Кузнецова моргнула раз-другой, с трудом разлепила ссохшиеся губы.

— Не могу тут, душно. — Голос у нее сел, не голос стал, а хрип, но Бутова разобрала. Не ответила, но еще разок провела ладонью по влажной щеке. — На волю хочу. Не могу больше. Душно.

Лухарина зажала пальчиками рот, чтобы не вскрикнуть, под ногтями по лицу расползались красные полосы. Светличная и сама готова была закричать, но скрип Кузнецовой, крамольный скрип о воле и духоте, приглушил скрежет черта. Расслышала, но не до конца. Можно стерпеть.

— Просыпаюсь — муторно. Засыпаю — страшно. Бросили меня здесь, предали. Оставили. Заперли. Колют, вяжут, — все шептала и шептала Кузнецова, не отрывая сухих лихорадочных глаз от новенькой. — Слова ни скажи, взгляда ни подними… Суки, суки, какие же суки, я нормальная! Они меня тут… А я нормальная, веришь?

Бутова задумалась, лоб прорезали морщины, но кивнула.

— Я им говорю, мол, по какому праву? А они меня ремнями на трое суток. У меня на спине язва мокнет! У меня ногу так свело, я хромала месяц! — Беззвучный крик, горячий шепот, ярость, скривившая рот, — Кузнецову было не узнать, а новенькая и не пыталась, смотрела только пристально да кивала. — Дайте позвоню! Не положено! Дайте напишу! Нельзя! А что можно? Как с психопаткой со мной? По лицу меня?
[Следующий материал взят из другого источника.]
(* Let $p \geqslant 3$ be a prime and $d \geqslant 1$ with $p^d \geqslant 7$, and let $V$ be a $d$-dimensional vector space over $\mathbb{F}_p$ with basis $\mathbf{b}_1,\ldots,\mathbf{b}_d$. Let $G = \mathrm{Sym}(V)$, let $\mu$ be a primitive element of $\mathbb{F}_p$, and for each $j$ let $g_j \in \mathrm{GL}(V)$ send $\mathbf{b}_j$ to $\mu\mathbf{b}_j$ and fix $\mathbf{b}_l$ for $l \neq j$; let $T = \langle g_1,\ldots,g_d\rangle$ be the group of diagonal matrices with respect to this basis. Let $i \in \{1,\ldots,d\}$ and let $a$ be a positive divisor of $p-1$ with $(p,a) \neq (5,2)$. Then there exists $x \in G$ such that \[ T \cap T^x = \langle g_1,\ldots,g_{i-1}, g_i^{a}, g_{i+1},\ldots,g_d\rangle. \]
   Context: $\mathrm{GL}(V)$ is regarded as a subgroup of $\mathrm{Sym}(V)$. *)

theory Defs
  imports "HOL-Algebra.Algebra" "HOL-Number_Theory.Number_Theory"
begin

text \<open>The d-dimensional vector space F_p^d, vectors as functions nat => nat with
  coordinates in {0..<p} on indices 0..<d and 0 elsewhere. The basis vector b_(j+1)
  of the paper is the standard basis vector at index j.\<close>
definition Vsp :: "nat \<Rightarrow> nat \<Rightarrow> (nat \<Rightarrow> nat) set" where
  "Vsp p d = {v. (\<forall>j<d. v j < p) \<and> (\<forall>j\<ge>d. v j = 0)}"

definition SymV :: "nat \<Rightarrow> nat \<Rightarrow> ((nat \<Rightarrow> nat) \<Rightarrow> (nat \<Rightarrow> nat)) monoid" where
  "SymV p d = BijGroup (Vsp p d)"

definition gdiag :: "nat \<Rightarrow> nat \<Rightarrow> nat \<Rightarrow> nat \<Rightarrow> (nat \<Rightarrow> nat) \<Rightarrow> (nat \<Rightarrow> nat)" where
  "gdiag p d mu j = (\<lambda>v \<in> Vsp p d. v(j := (mu * v j) mod p))"

definition conjg :: "('a, 'b) monoid_scheme \<Rightarrow> 'a set \<Rightarrow> 'a \<Rightarrow> 'a set" where
  "conjg G H x = (\<lambda>h. inv\<^bsub>G\<^esub> x \<otimes>\<^bsub>G\<^esub> h \<otimes>\<^bsub>G\<^esub> x) ` H"

end

theory Submission
  imports Defs
begin

(* Every element of T is a diagonal map v \<mapsto> (mu^(e j) * v j)_j, and x is taken to act on the
   i-th coordinate alone, by a permutation s of F_p.  Then x commutes with the diagonal map D_e
   when s commutes with multiplication by mu^(e i), and x D_e x^-1 is diagonal only if s conjugates
   multiplication by mu^(e i) into a scalar multiplication.  So it suffices to find s commuting
   with multiplication by mu^a that conjugates no other scalar multiplication into a scalar one.
   For a = p - 1 the transposition (0 1) does.  Otherwise let s multiply the subgroup generated by
   mu^a by mu^a and fix everything else: on exponents s is u \<mapsto> u + a if a divides u, and a
   computation modulo p - 1 shows that this map cannot be intertwined with a translation by E
   unless a divides E, except when p - 1 = 4 and a = 2. *)

lemma finite_Vsp: "finite (Vsp p d)"
proof -
  have "Vsp p d \<subseteq> (\<lambda>f j. if j < d then f j else 0) ` PiE {..<d} (\<lambda>_. {..<p})"
  proof
    fix v assume v: "v \<in> Vsp p d"
    then have "v = (\<lambda>j. if j < d then restrict v {..<d} j else 0)"
      by (auto simp: Vsp_def)
    moreover have "restrict v {..<d} \<in> PiE {..<d} (\<lambda>_. {..<p})"
      using v by (auto simp: Vsp_def)
    ultimately show "v \<in> (\<lambda>f j. if j < d then f j else 0) ` PiE {..<d} (\<lambda>_. {..<p})"
      by blast
  qed
  then show ?thesis
    by (rule finite_subset) (simp add: finite_PiE)
qed

lemma BijGroup_mult_eq:
  "f \<in> carrier (BijGroup S) \<Longrightarrow> g \<in> carrier (BijGroup S) \<Longrightarrow> g \<otimes>\<^bsub>BijGroup S\<^esub> f = (\<lambda>v \<in> S. g (f v))"
  by (simp add: BijGroup_def compose_def)

lemma carrier_BijGroup_of_inj_on:
  assumes "finite S" "f ` S \<subseteq> S" "inj_on f S" "f \<in> extensional S"
  shows "f \<in> carrier (BijGroup S)"
  using endo_inj_surj[OF assms(1-3)] assms(3,4) by (simp add: BijGroup_def Bij_def bij_betw_def)

lemma (in group) conjg_mem_iff:
  assumes "x \<in> carrier G" "t \<in> carrier G" "H \<subseteq> carrier G"
  shows "t \<in> conjg G H x \<longleftrightarrow> (\<exists>h \<in> H. x \<otimes> t = h \<otimes> x)"
proof -
  have "t = inv x \<otimes> h \<otimes> x \<longleftrightarrow> x \<otimes> t = h \<otimes> x" if "h \<in> H" for h
  proof
    assume "t = inv x \<otimes> h \<otimes> x"
    then show "x \<otimes> t = h \<otimes> x"
      using assms that by (simp add: subsetD flip: m_assoc)
  next
    assume "x \<otimes> t = h \<otimes> x"
    then have "inv x \<otimes> (x \<otimes> t) = inv x \<otimes> (h \<otimes> x)" by simp
    then show "t = inv x \<otimes> h \<otimes> x"
      using assms that by (simp add: subsetD m_assoc flip: m_assoc)
  qed
  then show ?thesis by (auto simp: conjg_def)
qed

lemma generate_pow_closed:
  "h \<in> generate G S \<Longrightarrow> h [^]\<^bsub>G\<^esub> (n::nat) \<in> generate G S"
  by (induction n) (auto intro: generate.one generate.eng)

(* The element g_1^(e 0) \<cdots> g_d^(e (d - 1)) of T; exponents matter only modulo p - 1. *)
definition diag_map :: "nat \<Rightarrow> nat \<Rightarrow> nat \<Rightarrow> (nat \<Rightarrow> nat) \<Rightarrow> (nat \<Rightarrow> nat) \<Rightarrow> (nat \<Rightarrow> nat)" where
  "diag_map p d mu e = (\<lambda>v \<in> Vsp p d. \<lambda>j. (mu ^ e j * v j) mod p)"

definition coord_map :: "nat \<Rightarrow> nat \<Rightarrow> nat \<Rightarrow> (nat \<Rightarrow> nat) \<Rightarrow> (nat \<Rightarrow> nat) \<Rightarrow> (nat \<Rightarrow> nat)" where
  "coord_map p d i s = (\<lambda>v \<in> Vsp p d. v(i := s (v i)))"

locale prime_primroot =
  fixes p mu :: nat
  assumes prime: "Factorial_Ring.prime p" and primroot: "residue_primroot p mu"
begin

lemma p_gt_1: "1 < p"
  using prime prime_gt_1_nat by blast

lemma pow_mod_eq_iff: "mu ^ A mod p = mu ^ B mod p \<longleftrightarrow> [A = B] (mod (p - 1))"
proof -
  have "coprime p mu" "ord p mu = p - 1"
    using primroot prime by (simp_all add: residue_primroot_def totient_prime)
  then show ?thesis
    using order_divides_expdiff by (simp add: cong_def)
qed

lemma minus_exp_cong: "[(p - 2) * k + k = 0] (mod (p - 1))"
proof -
  have "(p - 2) * k + k = (p - 1) * k"
    using p_gt_1 by (simp add: algebra_simps)
  then show ?thesis by (simp add: cong_def)
qed

lemma Vsp_less: "v \<in> Vsp p d \<Longrightarrow> v j < p"
  using p_gt_1 by (cases "j < d") (auto simp: Vsp_def)

lemma diag_map_in_Vsp: "v \<in> Vsp p d \<Longrightarrow> diag_map p d mu e v \<in> Vsp p d"
  using p_gt_1 by (auto simp: diag_map_def Vsp_def)

lemma diag_map_apply: "v \<in> Vsp p d \<Longrightarrow> diag_map p d mu e v j = (mu ^ e j * v j) mod p"
  by (simp add: diag_map_def)

lemma diag_map_diag_map:
  "v \<in> Vsp p d \<Longrightarrow> diag_map p d mu e (diag_map p d mu f v) = diag_map p d mu (\<lambda>j. e j + f j) v"
  using diag_map_in_Vsp[of v d f]
  by (auto simp: diag_map_def power_add mod_mult_right_eq mult.assoc)

lemma diag_map_cong:
  assumes "\<And>j. j < d \<Longrightarrow> [e j = f j] (mod (p - 1))"
  shows "diag_map p d mu e = diag_map p d mu f"
proof (rule ext)
  fix v
  have "(mu ^ e j * v j) mod p = (mu ^ f j * v j) mod p" if "v \<in> Vsp p d" for j
  proof (cases "j < d")
    case True
    then have "mu ^ e j mod p = mu ^ f j mod p"
      using assms pow_mod_eq_iff by blast
    then show ?thesis by (metis mod_mult_left_eq)
  next
    case False
    then show ?thesis using that by (simp add: Vsp_def)
  qed
  then show "diag_map p d mu e v = diag_map p d mu f v"
    by (auto simp: diag_map_def)
qed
Таблетками пичкать? Да? Так со мной можно?

Бутова покачала головой. Нет. Нельзя. В носу у Светличной предательски защипало, черт забил хвостом, загоняя острые шипы в висок.

— Вот и я говорю, что нельзя. А они меня… По фамилии. По его фамилии, понимаешь? А у меня имя есть! Имя, мать вашу! По имени меня называй, санитар проклятый, когда в подсобке щупаешь!..
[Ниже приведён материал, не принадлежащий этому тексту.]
lemma index_lists_of_edges:
  assumes U: "uniform_hypergraph n (Suc m) E"
  shows "{xs\<in>{xs. length xs = m \<and> set xs \<subseteq> {1..n}}. insert i (set xs) \<in> E}
       = (\<Union>e\<in>{e\<in>E. i \<in> e}. permutations_of_set (e - {i}))"
proof (intro equalityI subsetI)
  fix xs assume "xs \<in> {xs\<in>{xs. length xs = m \<and> set xs \<subseteq> {1..n}}. insert i (set xs) \<in> E}"
  hence len: "length xs = m" and e: "insert i (set xs) \<in> E" by auto
  have "card (insert i (set xs)) = Suc m" using uniform_hypergraph_edgeD(2)[OF U e] .
  with len card_length[of xs] card_insert_le_m1[of "Suc m" "set xs"]
  have "i \<notin> set xs" "card (set xs) = length xs"
    by (auto simp: card_insert_if split: if_splits)
  hence "distinct xs" "set xs = insert i (set xs) - {i}" by (auto simp: card_distinct)
  thus "xs \<in> (\<Union>e\<in>{e\<in>E. i \<in> e}. permutations_of_set (e - {i}))"
    using e by (auto simp: permutations_of_set_def)
next
  fix xs assume "xs \<in> (\<Union>e\<in>{e\<in>E. i \<in> e}. permutations_of_set (e - {i}))"
  then obtain e where e: "e \<in> E" "i \<in> e" and xs: "set xs = e - {i}" "distinct xs"
    by (auto simp: permutations_of_set_def)
  have "length xs = m"
    using distinct_card[OF xs(2)] xs(1) uniform_hypergraph_card_edge_remove[OF U e] by simp
  moreover have "insert i (set xs) = e" using xs e by auto
  ultimately show "xs \<in> {xs\<in>{xs. length xs = m \<and> set xs \<subseteq> {1..n}}. insert i (set xs) \<in> E}"
    using uniform_hypergraph_edgeD(1)[OF U e(1)] e xs by auto
qed

text \<open>Each edge through \<open>i\<close> is hit by the \<open>m!\<close> orderings of its other vertices, which
  cancels the normalising factor \<open>1/m!\<close> of the adjacency tensor.\<close>

lemma tensor_apply_adj_tensor:
  assumes U: "uniform_hypergraph n (Suc m) E"
  shows "tensor_apply n (Suc m) (adj_tensor (Suc m) E) x i = link_sum E x i"
proof -
  let ?c = "complex_of_real (1 / fact m)"
  let ?I = "{xs :: nat list. length xs = m \<and> set xs \<subseteq> {1..n}}"
  have "tensor_apply n (Suc m) (adj_tensor (Suc m) E) x i
      = (\<Sum>xs\<in>?I. if insert i (set xs) \<in> E then ?c * (\<Prod>j\<leftarrow>xs. x j) else 0)"
    unfolding tensor_apply_def adj_tensor_def by (intro sum.cong) auto
  also have "\<dots> = (\<Sum>xs\<in>{xs\<in>?I. insert i (set xs) \<in> E}. ?c * (\<Prod>j\<leftarrow>xs. x j))"
    by (rule sum.inter_filter[symmetric]) (rule finite_index_lists)
  also have "\<dots> = (\<Sum>e\<in>{e\<in>E. i \<in> e}. \<Sum>xs\<in>permutations_of_set (e - {i}). ?c * (\<Prod>j\<leftarrow>xs. x j))"
    unfolding index_lists_of_edges[OF U]
    using uniform_hypergraph_finite[OF U]
    by (intro sum.UNION_disjoint finite_permutations_of_set ballI)
       (auto simp: permutations_of_set_def)
  also have "\<dots> = (\<Sum>e\<in>{e\<in>E. i \<in> e}. of_nat (fact m) * (?c * (\<Prod>j\<in>e - {i}. x j)))"
  proof (rule sum.cong[OF refl])
    fix e assume e: "e \<in> {e\<in>E. i \<in> e}"
    have "(\<Prod>j\<leftarrow>xs. x j) = (\<Prod>j\<in>e - {i}. x j)" if "xs \<in> permutations_of_set (e - {i})" for xs
      using that by (auto simp: permutations_of_set_def prod.distinct_set_conv_list[symmetric])
    thus "(\<Sum>xs\<in>permutations_of_set (e - {i}). ?c * (\<Prod>j\<leftarrow>xs. x j))
        = of_nat (fact m) * (?c * (\<Prod>j\<in>e - {i}. x j))"
      using e uniform_hypergraph_card_edge_remove[OF U, of e i] uniform_hypergraph_edgeD(3)[OF U, of e]
      by (simp add: card_permutations_of_set)
  qed
  also have "\<dots> = link_sum E x i" by (simp add: link_sum_def of_real_divide)
  finally show ?thesis .
qed

lemma tensor_apply_signless_laplacian:
  assumes "k \<ge> 1" "uniform_hypergraph n k E" "i \<in> {1..n}"
  shows "tensor_apply n k (signless_laplacian k E) x i
       = of_nat (hdeg E i) * x i ^ (k - 1) + link_sum E x i"
proof -
  obtain m where k: "k = Suc m" using assms(1) by (cases k) auto
  have "tensor_apply n k (signless_laplacian k E) x i
      = tensor_apply n k (deg_tensor E) x i + tensor_apply n k (adj_tensor k E) x i"
    unfolding tensor_apply_def signless_laplacian_def by (simp add: distrib_right sum.distrib)
  thus ?thesis
    using assms k tensor_apply_deg_tensor tensor_apply_adj_tensor by simp
qed

lemma deg_seq_first_second:
  assumes "n \<ge> 2"
  obtains v where "v \<in> {1..n}" "hdeg E v = deg_seq n E ! 0"
    "\<And>i. i \<in> {1..n} \<Longrightarrow> i \<noteq> v \<Longrightarrow> hdeg E i \<le> deg_seq n E ! 1"
    "deg_seq n E ! 1 \<le> deg_seq n E ! 0"
proof -
  have "set [1..<n+1] = {1..n}" by auto
  thus ?thesis
    using rev_sort_map_first_second[of "[1..<n+1]" "hdeg E"] assms that
    unfolding deg_seq_def by auto
qed

lemma deg_seq_second_attained:
  assumes "n \<ge> 2"
  obtains q where "q \<in> {1..n}" "hdeg E q = deg_seq n E ! 1"
proof -
  have "1 < length (deg_seq n E)" using assms by (simp add: deg_seq_def)
  hence "deg_seq n E ! 1 \<in> set (deg_seq n E)" by (rule nth_mem)
  also have "set (deg_seq n E) = hdeg E ` {1..<n+1}" by (simp add: deg_seq_def del: upt_Suc)
  finally show ?thesis using that by (auto simp: less_Suc_eq_le)
qed

lemma exists_other_vertex: "n \<ge> (2::nat) \<Longrightarrow> v \<in> {1..n} \<Longrightarrow> \<exists>i\<in>{1..n}. i \<noteq> v"
  by (rule bexI[of _ "if v = 1 then 2 else 1"]) auto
— И как тебя зовут? — оборвала ее Бутова.

Тут уж Светличная не выдержала. Схватила подушку, упала лицом в холод простыни, что под ней скрывался, и сверху себя прикрыла. Имена тут в чести не были. Оказался в больничке, будь добр на фамилию откликаться, по фамилии зваться. Мало ли тут Тань да Мань, чужую болячку себе приписывать желающих нет. С фамилией проще, редко когда одна на двоих выпадет. Так и забываешь, как тебя за забором звали. Вроде и не ты там был.

— Как, спрашиваю, звали тебя? — не унималась Бутова.
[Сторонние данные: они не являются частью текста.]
lemma Lindenbaum:
  fixes X :: "('f, 'p) fm set"
  assumes "is_theory X" "consistent X"
  obtains M where "complete_consistent_theory M" "X \<subseteq> M"
proof -
  let ?F = "{Y. X \<subseteq> Y \<and> is_theory Y \<and> consistent Y}"
  have "\<exists>M\<in>?F. \<forall>Y\<in>?F. M \<subseteq> Y \<longrightarrow> Y = M"
  proof (rule subset_Zorn_nonempty)
    show "?F \<noteq> {}" using assms by blast
    fix C
    assume C: "C \<noteq> {}" "subset.chain ?F C"
    have sub: "C \<subseteq> ?F" using C(2) by (simp add: subset_chain_def)
    have "consistent (\<Union>C)" unfolding consistent_def
    proof
      assume "\<Union>C \<turnstile> Bot"
      then obtain G where G: "set G \<subseteq> \<Union>C" "G \<turnstile>\<^sub>L Bot" unfolding proves_def by blast
      obtain B where "B \<in> C" "set G \<subseteq> B"
        using finite_subset_Union_chain[OF _ G(1) C(1) C(2)] by blast
      then show False
        using sub G(2) unfolding consistent_def by (blast intro: provesI)
    qed
    then show "\<Union>C \<in> ?F"
      using C sub unfolding is_theory_def by blast
  qed
  then obtain M where M: "M \<in> ?F" and max: "\<forall>Y\<in>?F. M \<subseteq> Y \<longrightarrow> Y = M" by blast
  then have thM: "is_theory M" and cM: "consistent M" by auto
  have mem: "a \<in> M" if "sentence a" "consistent (insert a M)" for a
  proof -
    have "insert a M \<in> ?F"
      using M that unfolding is_theory_def by auto
    then show ?thesis using max by blast
  qed
  have closed: "a \<in> M" if "sentence a" "M \<turnstile> a" for a
  proof (rule mem[OF that(1)])
    show "consistent (insert a M)"
      unfolding consistent_def
    proof
      assume "insert a M \<turnstile> Bot"
      then have "M \<turnstile> Neg a" by (rule proves_NegI)
      with that(2) have "M \<turnstile> Bot" by (rule proves_NegE)
      then show False using cM unfolding consistent_def by simp
    qed
  qed
  have "complete_consistent_theory M"
    unfolding complete_consistent_theory_def
  proof (intro conjI allI impI)
    show "ded_closure M = M"
      unfolding ded_closure_def using closed thM proves_assm unfolding is_theory_def by blast
    fix a :: "('f, 'p) fm"
    assume a: "sentence a"
    have "Neg a \<in> M" if "a \<notin> M"
    proof -
      have "insert a M \<turnstile> Bot"
        using mem a that unfolding consistent_def by blast
      then have "M \<turnstile> Neg a" by (rule proves_NegI)
      then show ?thesis
        using closed a by (simp add: sentence_def)
    qed
    then show "a \<in> M \<or> Neg a \<in> M" by blast
  qed fact+
  then show thesis using M that by blast
qed
lemma Theta_eq_sum:
  assumes "\<And>z. z < 0 \<Longrightarrow> p z = 0"
  shows "Theta p y = (\<Sum>w\<in>{0..\<lfloor>y\<rfloor>}. p w)"
proof -
  have "Theta p y = (\<Sum>\<^sub>\<infinity>w\<in>{0..\<lfloor>y\<rfloor>}. p w)"
    unfolding Theta_def by (rule infsum_cong_neutral) (auto simp: assms)
  then show ?thesis
    by simp
qed

lemma stieltjes_conv_eq_sum:
  assumes p: "\<And>z. z < 0 \<Longrightarrow> p z = 0" and q: "\<And>z. z < 0 \<Longrightarrow> q z = 0"
  shows "stieltjes_conv p q x = (\<Sum>z\<in>{0..\<lfloor>x\<rfloor>}. (\<Sum>w\<in>{0..\<lfloor>x\<rfloor> - z}. p w) * q z)"
proof -
  define P where "P k = (\<Sum>w\<in>{0..k}. p w)" for k
  have "stieltjes_conv p q x = (\<Sum>\<^sub>\<infinity>z. P (\<lfloor>x\<rfloor> - z) * q z)"
    unfolding stieltjes_conv_def P_def by (simp add: Theta_eq_sum[OF p])
  also have "\<dots> = (\<Sum>z\<in>{0..\<lfloor>x\<rfloor>}. P (\<lfloor>x\<rfloor> - z) * q z)"
    by (rule infsum_int_convolution_eq_sum) (auto simp: P_def q)
  finally show ?thesis
    unfolding P_def .
qed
Не говори. Не говори. Не надо. Пожалуйста. Не говори. Не говори. Светличная шептала и шептала в простыню, черт скребся и скребся в болючем виске. Кузнецова молчала. Одумалась, значит. Хоть на том ей спасибо. А новенькую хватать надо, волочь в чулан. И там уже объяснить как следует и про имена, и про луга, и про пену…

— Татьяной меня звали. — Голос Кузнецовой ворвался под подушку, ввинтилась через в висок в черта, и тот задохнулся от ярости. — Не зовут больше.

— Конечно, не зовут. Какая же ты Татьяна. — Бутова бесстрашно повторила имя. — Будешь Татой теперь. Нравится?

— Нравится, — тут же откликнулась Кузнецова.

Нет, не Кузнецова. Тата.


Кузнецова.


Заливные луга манили безжалостно тягучим соком, илом, водой и ароматным разноцветьем. Переплетенье стеблей — каждый не похож на соседа, то шершавый и колючий под руку попадется, то гладкий и тоненький, — пружинили, стоило только на них опуститься. Упасть лицом вниз, чтобы дышать духмяностью, или вверх, чтобы смотреть, как медленно и важно плывут в синеве белые комочки облаков.

Кузнецова никогда не бывало на лугу. У нее было только небо, нависающее над ней кастрюльной крышкой, и бетон, и асфальт, и коробка комнаты, в которую ее втиснули, забыв рассказать, как из нее выбраться.

— Послушай, ты должна сама себя занимать, так? — говорил папа, глядя чуть выше ее плеча.

— Книжку бы почитала, вон, у тебя полки все в книжках, читай, — наставляла мама, мимоходом поправляя ей челку. — И не горбись.

Занимать себя, читать книжки и не горбиться. Три правила, оставшиеся ей на память о суховатом мужчине в серой тройке и женщине, укутанной в слои темного шелка и кожаный пиджак. Почему-то именно такими они Кузнецовой запомнились, хотя никуда потом не делись, смерть не тронула их, и болезни прошли стороной, и нищета, и кризисы, все с ними было хорошо. Кроме дочери — ни в кого долговязой, обкорнавшей волосы маникюрными ножничками, разорвавшей все книжки, сгорбившей спину и занявшей себя заливным лугом, спрятавшимся на краю небывалого леса.